As you go through the process with your vendor, build flexibility into your plan. Creating a video (even a short one like an explainer video) can take two months or more.
The process usually goes like this: You (or the vendor) writes a script based on your outline, the vendor creates a storyboard, you give feedback, the vendor animates the storyboard, you give more feedback, and finally the vendor produces it.
I've found that it's good to get input from your team or other stakeholders on the script and the storyboard. Just keep in mind you may have to keep everyone focused; people need to respond quickly to keep the project on track.
#4: Send Viewers to Your Landing Page
If you're publishing your explainer video on YouTube, you can add annotated links to your video, but they can only link to other YouTube videos (which isn't a bad thing if you have an established YouTube channel).
To drive people to your website like Lowe's does (specifically a landing page that promotes your product), you can put an annotation in your video that shows your website address, but viewers can't click it. They'll have to type the URL into their browser.
If the URL is more than your domain name (e.g., www.yourdomain.com/promotions/landingpage), shorten it with bit.ly and customize it to something memorable. For example, we used http://bit.ly/myeasyoffice for a video we did for a client.
If you want to make it really easy for your audience, add a live link in the YouTube video's description field. Place the link first in the description so it's not cut off into a “See More” area.
What makes a good landing page for an explainer video viewer? Create a page that makes visitors feel they're in the right place and tell them why they should contact you or give you their email address.
#5: Promote Your New Video
Naturally, you'll want to promote your new explainer video to your owned media lists (e.g., email, Facebook fans, Twitter followers, etc.).
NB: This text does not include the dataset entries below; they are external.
lemma eig_ext: assumes "\<mu> \<in> EIG" "\<mu>' \<in> EIG" "\<And>e. e \<in> E \<Longrightarrow> \<mu> [e] = \<mu>' [e]" shows "\<mu> = \<mu>'"
proof -
  have "eigen_measure (\<lambda>e. \<mu> [e]) c = eigen_measure (\<lambda>e. \<mu>' [e]) c" for c
  proof (cases "postal V adj c")
    case True
    then have "last c \<in> E" by (auto simp: postal_iff)
    then show ?thesis by (simp add: eigen_measure_def True assms(3))
  qed (simp add: eigen_measure_def)
  then have "eigen_measure (\<lambda>e. \<mu> [e]) = eigen_measure (\<lambda>e. \<mu>' [e])" by blast
  then show ?thesis using eig_eq_eigen_measure assms(1,2) by metis
qed

lemma predecessors_eq: "{e' \<in> E. turn e' e} = rev_edge ` succs (rev_edge e)"
proof
  show "{e' \<in> E. turn e' e} \<subseteq> rev_edge ` succs (rev_edge e)"
  proof
    fix x assume "x \<in> {e' \<in> E. turn e' e}"
    then have "rev_edge x \<in> succs (rev_edge e)" using E_rev turn_rev[of x e] by (auto simp: succs_def)
    then show "x \<in> rev_edge ` succs (rev_edge e)" by (metis image_eqI rev_rev_edge)
  qed
next
  show "rev_edge ` succs (rev_edge e) \<subseteq> {e' \<in> E. turn e' e}"
  proof
    fix x assume "x \<in> rev_edge ` succs (rev_edge e)"
    then obtain d where d: "x = rev_edge d" "d \<in> E" "turn (rev_edge e) d" by (auto simp: succs_def)
    then have "turn (rev_edge d) e" using turn_rev[of "rev_edge d" e] by simp
    then show "x \<in> {e' \<in> E. turn e' e}" using d E_rev by simp
  qed
qed

lemma Sop_rev: "Sop V adj g e = (\<Sum>d\<in>succs (rev_edge e). g (rev_edge d))"
  unfolding Sop_def predecessors_eq by (subst sum.reindex) (auto simp: inj_on_def)

lemma fmu_inj: "inj_on (fmu V adj) EIG"
proof
  fix \<mu> \<mu>' assume mu: "\<mu> \<in> EIG" "\<mu>' \<in> EIG" and eq: "fmu V adj \<mu> = fmu V adj \<mu>'"
  show "\<mu> = \<mu>'"
  proof (rule eig_ext[OF mu])
    fix e assume e: "e \<in> E"
    have "fmu V adj \<mu> (rev_edge e) = fmu V adj \<mu>' (rev_edge e)" using eq by simp
    then show "\<mu> [e] = \<mu>' [e]" using E_rev[OF e] by (simp add: fmu_def)
  qed
qed

lemma fmu_EQS: assumes mu: "\<mu> \<in> EIG" shows "fmu V adj \<mu> \<in> EQS"
proof -
  have "Sop V adj (fmu V adj \<mu>) e = z * fmu V adj \<mu> e" if e: "e \<in> E" for e
  proof -
    have "Sop V adj (fmu V adj \<mu>) e = (\<Sum>d\<in>succs (rev_edge e). \<mu> [d])"
      unfolding Sop_rev by (rule sum.cong) (auto simp: fmu_def succs_def E_rev)
    also have "\<dots> = z * \<mu> [rev_edge e]" by (rule eig_edge[OF mu E_rev[OF e]])
    finally show ?thesis using e by (simp add: fmu_def)
  qed
  then show ?thesis by (auto simp: EqS_def fmu_def)
qed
The fastest way to be sure you get views on YouTube is to promote your video with YouTube pre-roll ads. These can be anywhere from $0.08 to $0.20 per view. A best practice is to create two targeting groups—one for topics (your video shows up as related to the video someone is currently watching) and one for interests (your video shows up as related to the video topics someone usually watches).
You may also want to try Facebook ads to promote your explainer videos. When you share your video in a Facebook status update, you can promote that post to reach more of your audience.
Conceive, create and distribute.
That's all there is to it. Go forth, make your video and when you post it, tell me so I can check it out!